If a line in the entries below holds the string "ultimately", copy it.

(Stored data begins)

lemma weighting_le_bound_at_cut:
  assumes G: "is_graph V H endf ii"
    and W: "is_weighting V H endf ii gen k w"
    and L: "\<forall>h\<in>H. is_leg ii h \<longrightarrow> w h = lv h"
    and S: "S \<subseteq> V"
    and closed: "\<And>g. g \<in> dedges H ii \<Longrightarrow> endf g \<in> S \<Longrightarrow> endf (ii g) \<notin> S \<Longrightarrow> w g \<le> 0"
    and h: "h \<in> dedges H ii" "endf h \<notin> S" "endf (ii h) \<in> S"
  shows "w h \<le> leg_and_twist_bound V H endf ii gen k lv"
proof -
  have fV: "finite V" and fH: "finite H" and inv: "\<And>g. g \<in> H \<Longrightarrow> ii (ii g) = g \<and> ii g \<in> H"
    using G unfolding is_graph_def by auto
  define T where "T = {g\<in>H. endf g \<in> S}"
  define TL where "TL = {g\<in>T. is_leg ii g}"
  define TI where "TI = {g\<in>dedges H ii. endf g \<in> S \<and> endf (ii g) \<in> S}"
  define TC where "TC = {g\<in>dedges H ii. endf g \<in> S \<and> endf (ii g) \<notin> S}"
  have T: "T = TL \<union> TI \<union> TC" unfolding T_def TL_def TI_def TC_def dedges_def is_leg_def by auto
  moreover have "finite TL" "finite TI" "finite TC"
    using fH unfolding TL_def TI_def TC_def T_def dedges_def by auto
  moreover have "TL \<inter> TI = {}" "(TL \<union> TI) \<inter> TC = {}"
    unfolding TL_def TI_def TC_def dedges_def is_leg_def by auto
  ultimately have split: "sum w T = sum w TL + sum w TI + sum w TC"
    unfolding T by (simp add: sum.union_disjoint)
  have iih: "ii h \<in> TC" and wih: "w (ii h) = - w h"
    using h inv W unfolding TC_def dedges_def is_weighting_def by (auto simp: add_eq_0_iff2)
  have "sum w TC = w (ii h) + sum w (TC - {ii h})"
    using sum.remove[OF \<open>finite TC\<close> iih] .
  moreover have "sum w (TC - {ii h}) \<le> 0"
    using closed unfolding TC_def by (intro sum_nonpos) auto
  ultimately have TC: "sum w TC \<le> - w h" using wih by simp
  have "sum w TL = sum lv TL" using L unfolding TL_def T_def by simp
  also have "\<dots> \<le> (\<Sum>g\<in>{g\<in>H. is_leg ii g}. \<bar>lv g\<bar>)"
    using fH by (intro order.trans[OF sum_mono sum_mono2]) (auto simp: TL_def T_def)
  finally have TL: "sum w TL \<le> (\<Sum>g\<in>{g\<in>H. is_leg ii g}. \<bar>lv g\<bar>)" .
  have "(\<Sum>x\<in>S. k * kappa H endf ii gen x) \<le> (\<Sum>x\<in>V. \<bar>k * kappa H endf ii gen x\<bar>)"
    using fV S by (intro order.trans[OF sum_mono sum_mono2]) auto
  then show ?thesis
    using weighting_sum_over_vertex_set[OF G W S] weighting_sum_internal_edges[OF G W, of S]
      split TC TL unfolding T_def TI_def leg_and_twist_bound_def by linarith
qed

lemma positive_weight_le_bound:
  assumes G: "is_graph V H endf ii"
    and W: "is_weighting V H endf ii gen k w"
    and L: "\<forall>h\<in>H. is_leg ii h \<longrightarrow> w h = lv h"
    and noc: "\<not> (\<exists>c. positive_cycle H endf ii w c)"
    and h: "h \<in> dedges H ii" "w h > 0"
  shows "w h \<le> leg_and_twist_bound V H endf ii gen k lv"
proof -
  define P where "P = positive_adj H endf ii w"
  define S where "S = {x\<in>V. (endf (ii h), x) \<in> P\<^sup>*}"
  have w: "antisymmetric_on_edges H ii w" using W unfolding is_weighting_def by blast
  have inV: "endf g \<in> V" "endf (ii g) \<in> V" if "g \<in> dedges H ii" for g
    using G that unfolding is_graph_def dedges_def by auto
  have hP: "(endf h, endf (ii h)) \<in> P" unfolding P_def positive_adj_def using h by blast
  have "endf h \<notin> S"
  proof
    assume "endf h \<in> S"
    then have "(endf (ii h), endf h) \<in> P\<^sup>*" unfolding S_def by blast
    with hP have "(endf h, endf h) \<in> P\<^sup>+" by (rule rtrancl_into_trancl2)
    then show False using no_positive_cycle_imp_acyclic[OF w noc] unfolding P_def by blast
  qed
  moreover have "endf (ii h) \<in> S" using inV[OF h(1)] unfolding S_def by simp
  moreover have "w g \<le> 0" if g: "g \<in> dedges H ii" "endf g \<in> S" "endf (ii g) \<notin> S" for g
  proof (rule ccontr)
    assume "\<not> w g \<le> 0"
    then have "(endf g, endf (ii g)) \<in> P" using g(1) unfolding P_def positive_adj_def by force
    moreover have "(endf (ii h), endf g) \<in> P\<^sup>*" using g(2) unfolding S_def by blast
    ultimately have "(endf (ii h), endf (ii g)) \<in> P\<^sup>*" by (rule rtrancl_into_rtrancl[rotated])
    then show False using g(3) inV[OF g(1)] unfolding S_def by blast
  qed
  moreover have "S \<subseteq> V" unfolding S_def by blast
  ultimately show ?thesis using weighting_le_bound_at_cut[OF G W L _ _ h(1)] by blast
qed

lemma abs_weight_le_bound:
  assumes G: "is_graph V H endf ii"
    and W: "is_weighting V H endf ii gen k w"
    and L: "\<forall>h\<in>H. is_leg ii h \<longrightarrow> w h = lv h"
    and noc: "\<not> (\<exists>c. positive_cycle H endf ii w c)"
    and g: "g \<in> H"
  shows "\<bar>w g\<bar> \<le> leg_and_twist_bound V H endf ii gen k lv"
proof (cases "is_leg ii g")
  case True
  have "\<bar>lv g\<bar> \<le> (\<Sum>g\<in>{g\<in>H. is_leg ii g}. \<bar>lv g\<bar>)"
    using g True G unfolding is_graph_def by (intro member_le_sum) auto
  moreover have "0 \<le> (\<Sum>x\<in>V. \<bar>k * kappa H endf ii gen x\<bar>)" by (simp add: sum_nonneg)
  moreover have "w g = lv g" using L g True by simp
  ultimately show ?thesis unfolding leg_and_twist_bound_def by linarith
next
  case False
  then have gD: "g \<in> dedges H ii" and iD: "ii g \<in> dedges H ii" and e: "w (ii g) = - w g"
    using g G W unfolding dedges_def is_leg_def is_graph_def is_weighting_def
    by (auto simp: add_eq_0_iff2)
  show ?thesis
    using positive_weight_le_bound[OF G W L noc gD] positive_weight_le_bound[OF G W L noc iD] e
      leg_and_twist_bound_nonneg[of V H endf ii gen k lv]
    by (cases "0 < w g"; cases "w g < 0") auto
qed

lemma finite_bounded_funs_supported_on:
  assumes "finite H"
  shows "finite {w :: 'h \<Rightarrow> int. (\<forall>g. g \<notin> H \<longrightarrow> w g = 0) \<and> (\<forall>g\<in>H. \<bar>w g\<bar> \<le> B)}"
  by (rule finite_subset[OF _ finite_set_of_finite_funs[OF assms finite_atLeastAtMost[of "-B" B], of 0]])
    (auto simp: abs_le_iff)

theorem lemma3p9:
  fixes V :: "'v set" and H :: "'h set" and endf :: "'h \<Rightarrow> 'v" and ii :: "'h \<Rightarrow> 'h"
    and gen :: "'v \<Rightarrow> nat" and k :: int and lv :: "'h \<Rightarrow> int"
  assumes "is_graph V H endf ii"
    and "connected_graph V H endf ii"
    and "leg_weighted V H endf ii gen k lv"
  shows "finite {w \<in> weightings V H endf ii gen k lv. \<not> (\<exists>c. positive_cycle H endf ii w c)}"
proof -
  let ?B = "leg_and_twist_bound V H endf ii gen k lv"
  have "{w \<in> weightings V H endf ii gen k lv. \<not> (\<exists>c. positive_cycle H endf ii w c)}
     \<subseteq> {w. (\<forall>g. g \<notin> H \<longrightarrow> w g = 0) \<and> (\<forall>g\<in>H. \<bar>w g\<bar> \<le> ?B)}"
    using abs_weight_le_bound[OF assms(1)] unfolding weightings_def is_weighting_def by blast
  moreover have "finite H" using assms(1) unfolding is_graph_def by simp
  ultimately show ?thesis using finite_bounded_funs_supported_on finite_subset by blast
qed

end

(Stored data ends)

=== Written answer ===
  ultimately have split: "sum w T = sum w TL + sum w TI + sum w TC"
  ultimately have TC: "sum w TC \<le> - w h" using wih by simp
    ultimately have "(endf (ii h), endf (ii g)) \<in> P\<^sup>*" by (rule rtrancl_into_rtrancl[rotated])
  ultimately show ?thesis using weighting_le_bound_at_cut[OF G W L _ _ h(1)] by blast
  ultimately show ?thesis unfolding leg_and_twist_bound_def by linarith
  ultimately show ?thesis using finite_bounded_funs_supported_on finite_subset by blast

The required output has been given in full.